Copy out each line containing "rule" from the entries below.
[Opening LISTED RECORDS section]
lemma abs_le_exchange_step:
  fixes S B :: real
  assumes "s \<le> n" "i \<le> s" "0 \<le> B"
    and r: "r < length ks" "ks ! r \<le> i"
    and row_sum: "\<And>l. l \<le> s \<Longrightarrow> (\<Sum>k\<in>{s<..n}. \<bar>A l k\<bar>) \<le> S"
    and exchanged: "\<And>l k. l \<le> i \<Longrightarrow> l < k \<Longrightarrow> k \<le> n \<Longrightarrow>
      \<bar>F (evec_plus_avec n s A l # map evec (ks[r := k]))\<bar> \<le> B"
  shows "\<bar>F (evec_plus_avec n s A i # map evec ks)\<bar> \<le> (1 + 2 * S) * B"
proof -
  let ?u = "evec_plus_avec n s A"
  define l where "l = ks ! r"
  have "l \<le> i" using r by (simp add: l_def)
  have "0 \<le> S" using row_sum[of 0] by (meson order_trans sum_nonneg abs_ge_zero le0)
  have sum_le: "\<bar>\<Sum>k\<in>{s<..n}. A i' k * F (?u l' # map evec (ks[r := k]))\<bar> \<le> S * B"
    if "i' \<le> s" "l' \<le> i" for i' l'
  proof -
    have "\<bar>F (?u l' # map evec (ks[r := k]))\<bar> \<le> B" if "k \<in> {s<..n}" for k
      using that \<open>l' \<le> i\<close> \<open>i \<le> s\<close> by (intro exchanged) auto
    then have "\<bar>\<Sum>k\<in>{s<..n}. A i' k * F (?u l' # map evec (ks[r := k]))\<bar>
        \<le> (\<Sum>k\<in>{s<..n}. \<bar>A i' k\<bar>) * B"
      by (rule abs_sum_mult_le)
    also have "\<dots> \<le> S * B"
      using row_sum[OF \<open>i' \<le> s\<close>] \<open>0 \<le> B\<close> by (rule mult_right_mono)
    finally show ?thesis .
  qed
  let ?X = "F (?u i # (map evec ks)[r := ?u l])"
  let ?T = "\<Sum>k\<in>{s<..n}. A l k * F (?u i # map evec (ks[r := k]))"
  have "\<bar>?X\<bar> \<le> (1 + S) * B"
  proof (cases "l = i")
    case True
    then have "?X = 0"
      using r(1) by (intro eq_0_if_repeated[of 0 "Suc r"]) simp_all
    then show ?thesis using \<open>0 \<le> S\<close> \<open>0 \<le> B\<close> by simp
  next
    case False
    have "\<bar>?X\<bar> = \<bar>F (?u l # (map evec ks)[r := ?u i])\<bar>"
      using swap_head_update[of r "map evec ks" "?u i" "?u l"] r(1) by simp
    also have "\<dots> \<le> \<bar>F (?u l # map evec (ks[r := i]))\<bar>
        + \<bar>\<Sum>k\<in>{s<..n}. A i k * F (?u l # map evec (ks[r := k]))\<bar>"
      unfolding update_evec_plus_avec[OF r(1)] by (rule abs_triangle_ineq)
    also have "\<dots> \<le> B + S * B"
      using False \<open>l \<le> i\<close> \<open>i \<le> s\<close> \<open>s \<le> n\<close> by (intro add_mono exchanged sum_le) simp_all
    finally show ?thesis by (simp add: algebra_simps)
  qed
  moreover have "\<bar>?T\<bar> \<le> S * B"
    using \<open>l \<le> i\<close> \<open>i \<le> s\<close> by (intro sum_le) simp_all
  moreover have "F (?u i # map evec ks) = ?X - ?T"
    using update_evec_plus_avec[OF r(1), of "?u i" n s A l] by (simp add: l_def)
  ultimately show ?thesis
    using abs_triangle_ineq4[of ?X ?T] by (simp add: algebra_simps)
qed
[Closing LISTED RECORDS section]
* _PROBLEM SOLUTION_
      by (rule abs_sum_mult_le)
      using row_sum[OF \<open>i' \<le> s\<close>] \<open>0 \<le> B\<close> by (rule mult_right_mono)
      unfolding update_evec_plus_avec[OF r(1)] by (rule abs_triangle_ineq)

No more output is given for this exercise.